ASSESSMENT OF IMPACT OF TRAINING ON KNOWLEDGE OF ANGANWADI WORKERS OF DISTRICT LUDHIANA, PUNJAB: PRE AND POST TRAINING EVALUATION.

Urvashi1, Anurag Chaudhary2, Sarit Sharma3, Sangeeta Girdhar4, Mahesh Satija5, Pushapindra Kaushal6, Jasneet Chawla7

1Post Graduate Resident, Department of Community Medicine, Dayanand Medical College & Hospital, Ludhiana, Punjab.
2Professor & HOD, Department of Community Medicine, Dayanand Medical College & Hospital, Ludhiana, Punjab.
3Professor, Department of Community Medicine, Dayanand Medical College & Hospital, Ludhiana, Punjab.
4Professor, Department of Community Medicine, Dayanand Medical College & Hospital, Ludhiana, Punjab.
5Associate Professor, Department of Community Medicine, Dayanand Medical College & Hospital, Ludhiana, Punjab.
6Associate Professor, Department of Community Medicine, Dayanand Medical College & Hospital, Ludhiana, Punjab.
7Intern, Department of Community Medicine, Dayanand Medical College & Hospital, Ludhiana, Punjab.

CORRESPONDING AUTHOR

Urvashi,
Email : urvashi9kataria9@gmail.com

ABSTRACT

Corresponding Author:
Urvashi,
Room No. 2009, Junior Doctor’s Hostel,
Christian Medical College & Hospital,
Ludhiana, Punjab.
E-mail: urvashi9kataria9@gmail.com

ABSTRACT

BACKGROUND

Anganwadi Workers (AWWs) are recruited under Integrated Child Development Services (ICDS) scheme for a population of 400-800 in rural/urban areas and 300-800 in tribal areas. The key functions of AWWs include nutrition and health education, growth monitoring, health check-ups, assisting ANMs in provision of health care services, immunization and referral services. The output of the ICDS scheme is to a great extent dependent on the knowledge of AWW. This study is aimed to assess the knowledge of AWWs regarding comprehensive health care of children and to evaluate the impact of the training programme on their knowledge.

METHODS

The study was carried out at the Urban Health Centre, Shimlapuri, Dayanand Medical College and Hospital, Ludhiana, Punjab. Anganwadi workers were imparted training regarding various services rendered by them. The impact of training was evaluated by comparing the pre- and post-test knowledge of AWWs. A pre-tested proforma was administered to the AWWs before and after the training. It consisted of 15 questions related to different aspects of functions of AWWs. The data was then analysed using statistical techniques like mean, Standard Deviation and t-test.

RESULTS

The 15 questions proforma was grouped under 6 categories. The mean pre-test score was observed to be 8.3±2.5 and the mean post test score was 10.6±2.3. (p = 0.000). Improvement in knowledge was seen in all categories of questions, which included health care services, immunization, nutrition and health education, health check-ups, growth monitoring and referral services.

CONCLUSIONS

The findings of present study suggest that knowledge of AWWs significantly improved after the training. Thus, refresher training programmes should regularly be conducted for improving the knowledge of grass-root level health workers to ensure provision of good quality services.

KEYWORDS

Impact, Training, ICDS, Anganwadi Workers.

INTRODUCTION

The most valuable asset of a nation is its human resource. Countries who have learned to invest in its human resources are today the most progressive and developed nations. Realizing this Government of India launched Integrated Child Development Services (ICDS) program on 2nd October 1975 for the overall development of children who constitute the most precious asset of country’s future.

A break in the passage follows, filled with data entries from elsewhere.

(* Let $P$ and $P^\star$ be quantifier-free formulas, with $P$ represented as a syntax tree, and let $\mathcal S$ be a set of pairwise disjoint subtrees of $P$ (repair sites). Let $[P_\bot,P_\top]=\mathrm{CreateBounds}(P,\mathcal S)$, and suppose $P_\bot\Rightarrow P^\star$ and $P^\star\Rightarrow P_\top$. Then there exists a function $\mathcal F$ assigning to each $s\in\mathcal S$ a quantifier-free formula $\mathcal F(s)$ such that the formula obtained from $P$ by replacing each $s\in\mathcal S$ with $\mathcal F(s)$ is logically equivalent to $P^\star$.
   Context: **Formulas.** Predicates are quantifier-free formulas over a common set of typed variables. The atomic predicates are interpreted in a fixed theory. $\varphi\Rightarrow\psi$ means that $\psi$ holds under every assignment of the variables satisfying $\varphi$. Logical equivalence means mutual implication. Replacement formulas $\mathcal F(s)$ may be any quantifier-free formulas built with $\wedge,\vee,\neg$ from atomic predicates over these variables. **Syntax trees.** A predicate is represented as a syntax tree: - leaves are atomic predicates; - each internal node is labeled $\wedge$ or $\vee$ (with at least two children), or $\neg$ (with exactly one child). Subtrees are disjoint if none is contained in another. For a node $x$, $\mathcal S[x]$ denotes the elements of $\mathcal S$ in the subtree rooted at $x$. **CreateBounds.** $\mathrm{CreateBounds}(x,\mathcal S)$ is defined recursively: 1. If $x\in\mathcal S$, it is $[\mathrm{false},\mathrm{true}]$. 2. Otherwise, if $x$ is atomic, it is $[x,x]$. 3. Otherwise, if $x$ is labeled $\Theta\in\{\wedge,\vee\}$ with children $c_i$, it is $[\Theta_i l_{c_i},\Theta_i u_{c_i}]$, where $[l_{c_i},u_{c_i}]=\mathrm{CreateBounds}(c_i,\mathcal S[c_i])$. 4. Otherwise, $x$ is $\neg c$, and it is $[\neg u_c,\neg l_c]$, where $[l_c,u_c]=\mathrm{CreateBounds}(c,\mathcal S[c])$. *)

theory Defs
  imports Main
begin

datatype 'a form = Atom 'a | TT | FF | Conj "'a form list" | Disj "'a form list" | Neg "'a form"

fun eval :: "('a \<Rightarrow> 'v \<Rightarrow> bool) \<Rightarrow> 'v \<Rightarrow> 'a form \<Rightarrow> bool" where
  "eval I v (Atom a) = I a v"
| "eval I v TT = True"
| "eval I v FF = False"
| "eval I v (Conj cs) = (\<forall>c\<in>set cs. eval I v c)"
| "eval I v (Disj cs) = (\<exists>c\<in>set cs. eval I v c)"
| "eval I v (Neg c) = (\<not> eval I v c)"

definition fimplies :: "('a \<Rightarrow> 'v \<Rightarrow> bool) \<Rightarrow> 'a form \<Rightarrow> 'a form \<Rightarrow> bool" where
  "fimplies I \<phi> \<psi> \<longleftrightarrow> (\<forall>v. eval I v \<phi> \<longrightarrow> eval I v \<psi>)"

definition fequiv :: "('a \<Rightarrow> 'v \<Rightarrow> bool) \<Rightarrow> 'a form \<Rightarrow> 'a form \<Rightarrow> bool" where
  "fequiv I \<phi> \<psi> \<longleftrightarrow> fimplies I \<phi> \<psi> \<and> fimplies I \<psi> \<phi>"

fun syntax_tree :: "'a form \<Rightarrow> bool" where
  "syntax_tree (Atom a) = True"
| "syntax_tree TT = False"
| "syntax_tree FF = False"
| "syntax_tree (Conj cs) = (2 \<le> length cs \<and> (\<forall>c\<in>set cs. syntax_tree c))"
| "syntax_tree (Disj cs) = (2 \<le> length cs \<and> (\<forall>c\<in>set cs. syntax_tree c))"
| "syntax_tree (Neg c) = syntax_tree c"

text \<open>Subtrees (nodes) are identified by their positions: paths of child indices from the root.\<close>
type_synonym pos = "nat list"

fun subtree_at :: "'a form \<Rightarrow> pos \<Rightarrow> 'a form option" where
  "subtree_at x [] = Some x"
| "subtree_at (Conj cs) (i # p) = (if i < length cs then subtree_at (cs ! i) p else None)"
| "subtree_at (Disj cs) (i # p) = (if i < length cs then subtree_at (cs ! i) p else None)"
| "subtree_at (Neg c) (i # p) = (if i = 0 then subtree_at c p else None)"
| "subtree_at _ (_ # _) = None"

definition is_pos :: "'a form \<Rightarrow> pos \<Rightarrow> bool" where
  "is_pos x p \<longleftrightarrow> subtree_at x p \<noteq> None"

definition disjoint_sites :: "pos set \<Rightarrow> bool" where
  "disjoint_sites S \<longleftrightarrow> (\<forall>p\<in>S. \<forall>q\<in>S. p \<noteq> q \<longrightarrow> \<not> (\<exists>r. q = p @ r))"

definition sub_sites :: "nat \<Rightarrow> pos set \<Rightarrow> pos set" where
  "sub_sites i S = {p. i # p \<in> S}"

fun create_bounds :: "'a form \<Rightarrow> pos set \<Rightarrow> 'a form \<times> 'a form"
and create_bounds_list :: "nat \<Rightarrow> 'a form list \<Rightarrow> pos set \<Rightarrow> ('a form \<times> 'a form) list" where
  "create_bounds x S =
    (if [] \<in> S then (FF, TT) else
      (case x of
        Atom a \<Rightarrow> (Atom a, Atom a)
      | TT \<Rightarrow> (TT, TT)
      | FF \<Rightarrow> (FF, FF)
      | Conj cs \<Rightarrow> (let bs = create_bounds_list 0 cs S in (Conj (map fst bs), Conj (map snd bs)))
      | Disj cs \<Rightarrow> (let bs = create_bounds_list 0 cs S in (Disj (map fst bs), Disj (map snd bs)))
      | Neg c \<Rightarrow> (let b = create_bounds c (sub_sites 0 S) in (Neg (snd b), Neg (fst b)))))"
| "create_bounds_list i [] S = []"
| "create_bounds_list i (c # cs) S = create_bounds c (sub_sites i S) # create_bounds_list (Suc i) cs S"

fun replace :: "'a form \<Rightarrow> pos set \<Rightarrow> (pos \<Rightarrow> 'a form) \<Rightarrow> 'a form"
and replace_list :: "nat \<Rightarrow> 'a form list \<Rightarrow> pos set \<Rightarrow> (pos \<Rightarrow> 'a form) \<Rightarrow> 'a form list" where
  "replace x S F =
    (if [] \<in> S then F [] else
      (case x of
        Conj cs \<Rightarrow> Conj (replace_list 0 cs S F)
      | Disj cs \<Rightarrow> Disj (replace_list 0 cs S F)
      | Neg c \<Rightarrow> Neg (replace c (sub_sites 0 S) (\<lambda>p. F (0 # p)))
      | _ \<Rightarrow> x))"
| "replace_list i [] S F = []"
| "replace_list i (c # cs) S F = replace c (sub_sites i S) (\<lambda>p. F (i # p)) # replace_list (Suc i) cs S F"

end

theory Submission
  imports Defs
begin

text \<open>Replace every site by \<open>P\<^sup>\<star>\<close> if it occurs under an even number of negations and by
  \<open>\<not> P\<^sup>\<star>\<close> otherwise. By induction on the tree, the resulting formula then agrees with the
  upper bound \<open>P\<^sub>\<top>\<close> wherever \<open>P\<^sup>\<star>\<close> holds and with the lower bound \<open>P\<^sub>\<bottom>\<close> wherever it fails;
  together with \<open>P\<^sub>\<bottom> \<Rightarrow> P\<^sup>\<star> \<Rightarrow> P\<^sub>\<top>\<close> this is exactly \<open>P\<^sup>\<star>\<close>.\<close>

definition select_bound :: "('a \<Rightarrow> 'v \<Rightarrow> bool) \<Rightarrow> 'v \<Rightarrow> 'a form \<Rightarrow> 'a form \<times> 'a form \<Rightarrow> bool" where
  "select_bound I v Q b = (if eval I v Q then eval I v (snd b) else eval I v (fst b))"

lemma select_bound_sandwich:
  assumes "fimplies I (fst b) Q" and "fimplies I Q (snd b)"
  shows "select_bound I v Q b = eval I v Q"
  using assms by (auto simp: select_bound_def fimplies_def)

declare create_bounds.simps(1)[simp del] replace.simps(1)[simp del]

lemma create_bounds_site: "[] \<in> S \<Longrightarrow> create_bounds x S = (FF, TT)"
  by (subst create_bounds.simps(1)) simp

lemma replace_site: "[] \<in> S \<Longrightarrow> replace x S F = F []"
  by (subst replace.simps(1)) simp

lemma create_bounds_nonsite:
  assumes "[] \<notin> S"
  shows "create_bounds (Atom a) S = (Atom a, Atom a)"
    and "create_bounds TT S = (TT, TT)"
    and "create_bounds FF S = (FF, FF)"
    and "create_bounds (Conj cs) S =
      (let bs = create_bounds_list 0 cs S in (Conj (map fst bs), Conj (map snd bs)))"
    and "create_bounds (Disj cs) S =
      (let bs = create_bounds_list 0 cs S in (Disj (map fst bs), Disj (map snd bs)))"
    and "create_bounds (Neg c) S =
      (let b = create_bounds c (sub_sites 0 S) in (Neg (snd b), Neg (fst b)))"
  using assms by (subst create_bounds.simps(1); simp)+

lemma replace_nonsite:
  assumes "[] \<notin> S"
  shows "replace (Atom a) S F = Atom a"
    and "replace TT S F = TT"
    and "replace FF S F = FF"
    and "replace (Conj cs) S F = Conj (replace_list 0 cs S F)"
    and "replace (Disj cs) S F = Disj (replace_list 0 cs S F)"
    and "replace (Neg c) S F = Neg (replace c (sub_sites 0 S) (\<lambda>p. F (0 # p)))"
  using assms by (subst replace.simps(1); simp)+

lemma replace_list_cong:
  assumes "\<And>j p. i \<le> j \<Longrightarrow> F (j # p) = G (j # p)"
  shows "replace_list i cs S F = replace_list i cs S G"
  using assms
proof (induction cs arbitrary: i)
  case Nil
  then show ?case by simp
next
  case (Cons c cs)
  have "(\<lambda>p. F (i # p)) = (\<lambda>p. G (i # p))"
    using Cons.prems by auto
  moreover have "replace_list (Suc i) cs S F = replace_list (Suc i) cs S G"
    using Cons.prems by (intro Cons.IH) auto
  ultimately show ?case by simp
qed

lemma replace_list_select_bound:
  assumes "\<forall>c\<in>set cs. \<forall>S. \<exists>F. \<forall>v. eval I v (replace c S F) = select_bound I v Q (create_bounds c S)"
  shows "\<exists>F. \<forall>v. map (eval I v) (replace_list i cs S F) =
                   map (select_bound I v Q) (create_bounds_list i cs S)"
  using assms
proof (induction cs arbitrary: i)
  case Nil
  then show ?case by simp
next
  case (Cons c cs)
  obtain Fc where Fc: "\<forall>v. eval I v (replace c (sub_sites i S) Fc) =
                         select_bound I v Q (create_bounds c (sub_sites i S))"
    using Cons.prems by (meson list.set_intros(1))
  obtain Fs where Fs: "\<forall>v. map (eval I v) (replace_list (Suc i) cs S Fs) =
                         map (select_bound I v Q) (create_bounds_list (Suc i) cs S)"
    using Cons.IH Cons.prems by (meson list.set_intros(2))
  define F where "F p = (if p \<noteq> [] \<and> hd p = i then Fc (tl p) else Fs p)" for p
  have head: "(\<lambda>p. F (i # p)) = Fc"
    by (auto simp: F_def)
  have tail: "replace_list (Suc i) cs S F = replace_list (Suc i) cs S Fs"
    by (rule replace_list_cong) (auto simp: F_def)
  show ?case
    by (intro exI[of _ F]) (simp add: head tail Fc Fs)
qed

lemma select_bound_Conj:
  "select_bound I v Q (Conj (map fst bs), Conj (map snd bs)) = (\<forall>b\<in>set bs. select_bound I v Q b)"
  by (simp add: select_bound_def)

lemma select_bound_Disj:
  "select_bound I v Q (Disj (map fst bs), Disj (map snd bs)) = (\<exists>b\<in>set bs. select_bound I v Q b)"
  by (simp add: select_bound_def)

lemma select_bound_Neg:
  "select_bound I v Q (Neg (snd b), Neg (fst b)) = (\<not> select_bound I v (Neg Q) b)"
  by (simp add: select_bound_def)

lemma replace_select_bound_site:
  assumes "[] \<in> S"
  shows "\<exists>F. \<forall>v. eval I v (replace x S F) = select_bound I v Q (create_bounds x S)"
  using assms by (intro exI[of _ "\<lambda>_. Q"]) (simp add: create_bounds_site replace_site select_bound_def)

lemma replace_select_bound:
  "\<exists>F. \<forall>v. eval I v (replace x S F) = select_bound I v Q (create_bounds x S)"
proof (induction x arbitrary: S Q)
  case (Atom a)
  show ?case
    by (cases "[] \<in> S")
      (simp add: replace_select_bound_site, simp add: create_bounds_nonsite replace_nonsite select_bound_def)
next
  case TT
  show ?case
    by (cases "[] \<in> S")
      (simp add: replace_select_bound_site, simp add: create_bounds_nonsite replace_nonsite select_bound_def)
next
  case FF
  show ?case
    by (cases "[] \<in> S")
      (simp add: replace_select_bound_site, simp add: create_bounds_nonsite replace_nonsite select_bound_def)
next
  case (Conj cs)
  show ?case
  proof (cases "[] \<in> S")
    case False
    obtain F where F: "\<forall>v. map (eval I v) (replace_list 0 cs S F) =
                           map (select_bound I v Q) (create_bounds_list 0 cs S)"
      using replace_list_select_bound[of cs I Q] Conj.IH by blast
    have "eval I v (replace (Conj cs) S F) = select_bound I v Q (create_bounds (Conj cs) S)" for v
    proof -
      have "eval I v (replace (Conj cs) S F) = (\<forall>b\<in>set (map (eval I v) (replace_list 0 cs S F)). b)"
        using False by (simp add: replace_nonsite)
      also have "\<dots> = (\<forall>b\<in>set (map (select_bound I v Q) (create_bounds_list 0 cs S)). b)"
        using F by simp
      also have "\<dots> = select_bound I v Q (create_bounds (Conj cs) S)"
        using False by (simp add: create_bounds_nonsite select_bound_Conj Let_def)
      finally show ?thesis .
    qed
    then show ?thesis by blast
  qed (rule replace_select_bound_site)
next
  case (Disj cs)
  show ?case
  proof (cases "[] \<in> S")
    case False
    obtain F where F: "\<forall>v. map (eval I v) (replace_list 0 cs S F) =
                           map (select_bound I v Q) (create_bounds_list 0 cs S)"
      using replace_list_select_bound[of cs I Q] Disj.IH by blast
    have "eval I v (replace (Disj cs) S F) = select_bound I v Q (create_bounds (Disj cs) S)" for v
    proof -
      have "eval I v (replace (Disj cs) S F) = (\<exists>b\<in>set (map (eval I v) (replace_list 0 cs S F)). b)"
        using False by (simp add: replace_nonsite)
      also have "\<dots> = (\<exists>b\<in>set (map (select_bound I v Q) (create_bounds_list 0 cs S)). b)"
        using F by simp
      also have "\<dots> = select_bound I v Q (create_bounds (Disj cs) S)"
        using False by (simp add: create_bounds_nonsite select_bound_Disj Let_def)
      finally show ?thesis .
    qed
    then show ?thesis by blast
  qed (rule replace_select_bound_site)
next
  case (Neg c)
  show ?case
  proof (cases "[] \<in> S")
    case False
    \<comment> \<open>Negation swaps the bounds, so the child is made to select by \<open>\<not> Q\<close>.\<close>
    obtain Fc where Fc: "\<forall>v. eval I v (replace c (sub_sites 0 S) Fc) =
                           select_bound I v (Neg Q) (create_bounds c (sub_sites 0 S))"
      using Neg.IH by blast
    define F where "F p = Fc (tl p)" for p
    have "eval I v (replace (Neg c) S F) = select_bound I v Q (create_bounds (Neg c) S)" for v
    proof -
      have "eval I v (replace (Neg c) S F) = (\<not> eval I v (replace c (sub_sites 0 S) Fc))"
        using False by (simp add: replace_nonsite F_def)
      also have "\<dots> = (\<not> select_bound I v (Neg Q) (create_bounds c (sub_sites 0 S)))"
        using Fc by simp
      also have "\<dots> = select_bound I v Q (create_bounds (Neg c) S)"
        using False by (simp add: create_bounds_nonsite select_bound_Neg Let_def)
      finally show ?thesis .
    qed
    then show ?thesis by blast
  qed (rule replace_select_bound_site)
qed

theorem mainTheorem3:
  fixes I :: "'a \<Rightarrow> 'v \<Rightarrow> bool" and P Pstar :: "'a form" and S :: "pos set"
  assumes "syntax_tree P"
    and "\<forall>s\<in>S. is_pos P s"
    and "disjoint_sites S"
    and "fimplies I (fst (create_bounds P S)) Pstar"
    and "fimplies I Pstar (snd (create_bounds P S))"
  shows "\<exists>F :: pos \<Rightarrow> 'a form. fequiv I (replace P S F) Pstar"
proof -
  obtain F where "\<forall>v. eval I v (replace P S F) = select_bound I v Pstar (create_bounds P S)"
    using replace_select_bound[where I = I and x = P and S = S and Q = Pstar] by blast
  then have "\<forall>v. eval I v (replace P S F) = eval I v Pstar"
    using select_bound_sandwich[OF assms(4,5)] by simp
  then have "fequiv I (replace P S F) Pstar"
    by (simp add: fequiv_def fimplies_def)
  then show ?thesis by blast
qed

end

ICDS program has operated satisfactorily since more than three decades of its existence.[1] It is India’s response to the challenge of providing pre-school education on one hand and breaking the vicious cycle of malnutrition, morbidity, reducing learning capacity and mortality on the other.[2] It delivers services right at the doorsteps of the beneficiaries to ensure their maximum participation.[3]

The rich experience of ICDS has brought about a welcome transition from welfare orientation to a new challenging perspective of social change. Being the world’s largest outreach programme, targeting infants and children below 6 years of age, expectant and nursing mothers, ICDS has generated interest worldwide amongst academicians, policy makers, planners, administrators and those responsible for implementation.[4]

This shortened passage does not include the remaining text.